Yes, that numbers are on purpose.

Look at the Kepler generation with 192 Cuda cores with 4 schedulers, which could each schedule up to 2 instructions per cycle. Those needed a very complicated logic to coordinate and handle.

Volta and all architectures afterwards, which are still basically Volta, cleaned it all up and simplified it.

Just 1 scheduler per SM Partition, just 1 new instruction per cycle.

Nevertheless, one wants to have different kinds of specialized execution units and use them to the fullest with typical instruction mixes. So the throughput of each instruction unit type has to be less than 1 instruction per cycle or less than 32 threads per cycle to be able to fill more than one type of computation unit at a time.

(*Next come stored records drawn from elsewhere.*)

lemma card_non_approx_makespans_le:
  assumes pos: "\<And>i. 1 \<le> i \<Longrightarrow> i \<le> n \<Longrightarrow> p i > 0" and "\<epsilon> \<ge> 0"
    and small: "\<forall>j \<in> {s+1..n}. p j \<le> \<epsilon> / 2 * (\<Sum>i\<in>{1..n}. p i)"
  shows "card {y. y > (1 + \<epsilon>) * opt_makespan p n \<and>
                  (\<exists>x \<in> local_optima p n. makespan p n x = y)} \<le> 2 ^ s"
proof -
  have "{y. y > (1 + \<epsilon>) * opt_makespan p n \<and> (\<exists>x \<in> local_optima p n. makespan p n x = y)}
      \<subseteq> sum p ` Pow {1..s}"
    using non_approx_makespan_eq_sum_large_jobs[OF pos \<open>\<epsilon> \<ge> 0\<close> small]
    unfolding is_approx_def by (fastforce simp: not_le)
  then have "card {y. y > (1 + \<epsilon>) * opt_makespan p n \<and>
                  (\<exists>x \<in> local_optima p n. makespan p n x = y)} \<le> card (sum p ` Pow {1..s})"
    by (intro card_mono) auto
  also have "\<dots> \<le> card (Pow {1..s})" by (rule card_image_le) simp
  finally show ?thesis by (simp add: card_Pow)
qed

theorem mainTheorem13:
  fixes p :: "nat \<Rightarrow> real" and n s :: nat and \<epsilon> :: real
  assumes sorted: "\<And>i j. 1 \<le> i \<Longrightarrow> i \<le> j \<Longrightarrow> j \<le> n \<Longrightarrow> p j \<le> p i"
    and pos: "\<And>i. 1 \<le> i \<Longrightarrow> i \<le> n \<Longrightarrow> p i > 0"
    and eps: "\<epsilon> > 0"
    and s_def: "int s = \<lceil>2 / \<epsilon>\<rceil> - 1"
    and s_le: "real s \<le> real n / 2"
  shows "(\<forall>j \<in> {s+1..n}. p j \<le> \<epsilon> / 2 * (\<Sum>i\<in>{1..n}. p i))
    \<and> (\<forall>x \<in> local_optima p n. (\<exists>j \<in> {s+1..n}. on_fuller_machine p n x j)
          \<longrightarrow> is_approx p n \<epsilon> x)
    \<and> ((\<Sum>i\<in>{s+1..n}. p i) \<ge> (1/2) * (\<Sum>i\<in>{1..n}. p i)
          \<longrightarrow> (\<forall>x \<in> local_optima p n. is_approx p n \<epsilon> x))
    \<and> real (card {y. y > (1 + \<epsilon>) * opt_makespan p n \<and>
                     (\<exists>x \<in> local_optima p n. makespan p n x = y)}) \<le> 2 powr (2 / \<epsilon>)"
proof -
  have "\<lceil>2 / \<epsilon>\<rceil> = int s + 1" using s_def by simp
  then have s_ge: "2 / \<epsilon> \<le> real s + 1" and s_lt: "real s < 2 / \<epsilon>"
    by (simp_all add: ceiling_eq_iff)
  have small: "\<forall>j \<in> {s+1..n}. p j \<le> \<epsilon> / 2 * (\<Sum>i\<in>{1..n}. p i)"
  proof
    fix j assume "j \<in> {s+1..n}"
    then have "2 / \<epsilon> \<le> real j" and "j \<le> n" using s_ge by auto
    then show "p j \<le> \<epsilon> / 2 * (\<Sum>i\<in>{1..n}. p i)"
      using pos by (intro small_job_le[OF sorted _ eps]) (auto intro: less_imp_le)
  qed
  have fuller: "\<forall>x \<in> local_optima p n. (\<exists>j \<in> {s+1..n}. on_fuller_machine p n x j)
          \<longrightarrow> is_approx p n \<epsilon> x"
  proof (intro ballI impI)
    fix x assume x: "x \<in> local_optima p n" and "\<exists>j \<in> {s+1..n}. on_fuller_machine p n x j"
    then obtain j where j: "j \<in> {s+1..n}" and on: "on_fuller_machine p n x j" by blast
    have "j \<in> {1..n}" and "p j > 0" using j pos by auto
    moreover have "p j \<le> \<epsilon> / 2 * (\<Sum>i\<in>{1..n}. p i)" using small j by blast
    ultimately show "is_approx p n \<epsilon> x"
      using approx_if_small_job_on_fuller_machine[OF x _ _ on less_imp_le[OF eps]] by blast
  qed
  have heavy: "(\<Sum>i\<in>{s+1..n}. p i) \<ge> (1/2) * (\<Sum>i\<in>{1..n}. p i)
          \<longrightarrow> (\<forall>x \<in> local_optima p n. is_approx p n \<epsilon> x)"
    using approx_if_small_jobs_heavy[OF pos _ _ small] eps s_le by simp
  have "card {y. y > (1 + \<epsilon>) * opt_makespan p n \<and>
                 (\<exists>x \<in> local_optima p n. makespan p n x = y)} \<le> 2 ^ s"
    using card_non_approx_makespans_le[OF pos _ small] eps by simp
  then have "real (card {y. y > (1 + \<epsilon>) * opt_makespan p n \<and>
                 (\<exists>x \<in> local_optima p n. makespan p n x = y)}) \<le> 2 ^ s"
    by (simp add: of_nat_le_iff[symmetric])
  also have "(2::real) ^ s \<le> 2 powr (2 / \<epsilon>)"
    using s_lt by (simp add: powr_realpow[symmetric])
  finally show ?thesis using small fuller heavy by blast
qed

end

It is on purpose that there are only 16 units of a kind per SM Partition. Nvidia calculated that it is better to build double the number of SMs than put 32 units of a kind per SM Partition.
16 units take half as much chip die area on the GPU.

In the end it is like a SM Partition can execute 2 instructions at the same time, but with overall half the speed. As Robert says, the GPUs are optimized for throughput, not for speed running through (~latency).

Even the high-end GPUs have this setup.

I feel like thats the same speed.

I dont think this question is about masking latency with concurrency on the fma’s. We already know it can.

I think maybe we are looking at the wrong area. The scheduler doesnt dispatch warp instructions directly to the fma’s. Its in the memory system, it sends them to the lsu/mio, i feel like there is where this answer would be.

Definitely no. The FMA instructions for FP32 are not going through the MIO pipe.